== Working data
(* Let $n,k,l$ be nonnegative integers with $k+l\le n$, let $\alpha,\beta>-1$, set $\sigma=\alpha+\beta+1$, and for $i=k+l,\ldots,n$ and $h=k,\ldots,n-l$ define \[ c_{ih}=\frac{(\alpha+2l+1)_{i-k-l}}{(i-k-l)!}\binom{n}{h}^{-1}\binom{n-k-l}{h-k}\,Q_{i-k-l}(n-l-h;\,\alpha+2l,\,\beta+2k,\,n-k-l). \] Then for each fixed $i$ (and whenever the indices involved lie in the range $k\le h\le n-l$): \[ c_{i,n-l}=\frac{(\alpha+2l+1)_{i-k-l}}{(i-k-l)!}\binom{n}{l}^{-1}, \] \[ c_{i,n-l-1}=c_{i,n-l}\,\frac{(n-k-l)(l+1)}{n-l}\left[1-\frac{(k+l-i)(i+k+l+\sigma)}{(k+l-n)(\alpha+2l+1)}\right], \] and for $h=n-l-2,n-l-3,\ldots,k$, \[ c_{ih}=F_i(h)\,c_{i,h+1}+G(h)\,c_{i,h+2}, \] where \[ H(h)=\frac{(n-l-h-1)(h+k+\beta+2)}{(n+l+\alpha-h)(k-h-1)}, \] \[ F_i(h)=\frac{(n-h)(h+1-k)}{(n-l-h)(h+1)}\left[1-H(h)-\frac{(k+l-i)(i+k+l+\sigma)}{(n+l+\alpha-h)(k-h-1)}\right], \] \[ G(h)=\frac{(n-h-1)_2\,(h+1-k)_2}{(n-l-h-1)_2\,(h+1)_2}\,H(h). \]
   Context: Pochhammer symbol: $(a)_0=1$, $(a)_j=a(a+1)\cdots(a+j-1)$. Hahn polynomials: for a nonnegative integer $N$, $a,b>-1$ and $m=0,1,\ldots,N$, $Q_m(x;a,b,N)=\sum_{j=0}^m\frac{(-m)_j(m+a+b+1)_j(-x)_j}{j!\,(a+1)_j\,(-N)_j}$. (The numbers $c_{ih}$ are the coefficients of the modified Jacobi polynomial $J_{i,k,l}^{(\alpha,\beta)}(x)=(1-x)^lx^kR^{(\alpha+2l,\beta+2k)}_{i-k-l}(x)$ in the Bernstein basis $B^n_h(x)=\binom nh x^h(1-x)^{n-h}$, $h=k,\ldots,n-l$, where $R^{(a,b)}_m(x)=\frac{(a+1)_m}{m!}\sum_{j=0}^m\frac{(-m)_j(m+a+b+1)_j}{j!(a+1)_j}(1-x)^j$.) *)

theory Defs
  imports Complex_Main
begin

definition hahnQ :: "nat \<Rightarrow> real \<Rightarrow> real \<Rightarrow> real \<Rightarrow> nat \<Rightarrow> real" where
  "hahnQ m x a b N =
     (\<Sum>j\<le>m. pochhammer (- real m) j * pochhammer (real m + a + b + 1) j * pochhammer (- x) j
              / (fact j * pochhammer (a + 1) j * pochhammer (- real N) j))"

text \<open>The coefficients c_{ih}; meaningful for k+l \<le> i \<le> n and k \<le> h \<le> n-l.\<close>
definition cc :: "real \<Rightarrow> real \<Rightarrow> nat \<Rightarrow> nat \<Rightarrow> nat \<Rightarrow> nat \<Rightarrow> nat \<Rightarrow> real" where
  "cc \<alpha> \<beta> n k l i h =
     pochhammer (\<alpha> + 2 * real l + 1) (i - k - l) / fact (i - k - l)
     * (1 / real (n choose h)) * real ((n - k - l) choose (h - k))
     * hahnQ (i - k - l) (real (n - l - h)) (\<alpha> + 2 * real l) (\<beta> + 2 * real k) (n - k - l)"

definition HH :: "real \<Rightarrow> real \<Rightarrow> nat \<Rightarrow> nat \<Rightarrow> nat \<Rightarrow> nat \<Rightarrow> real" where
  "HH \<alpha> \<beta> n k l h =
     (real n - real l - real h - 1) * (real h + real k + \<beta> + 2)
     / ((real n + real l + \<alpha> - real h) * (real k - real h - 1))"

definition FF :: "real \<Rightarrow> real \<Rightarrow> nat \<Rightarrow> nat \<Rightarrow> nat \<Rightarrow> nat \<Rightarrow> nat \<Rightarrow> real" where
  "FF \<alpha> \<beta> n k l i h =
     (real n - real h) * (real h + 1 - real k) / ((real n - real l - real h) * (real h + 1))
     * (1 - HH \<alpha> \<beta> n k l h
          - (real k + real l - real i) * (real i + real k + real l + (\<alpha> + \<beta> + 1))
            / ((real n + real l + \<alpha> - real h) * (real k - real h - 1)))"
====
Task prompt => Scan the records for lines with the word "fact". Report how many, with no other words.

Response => 2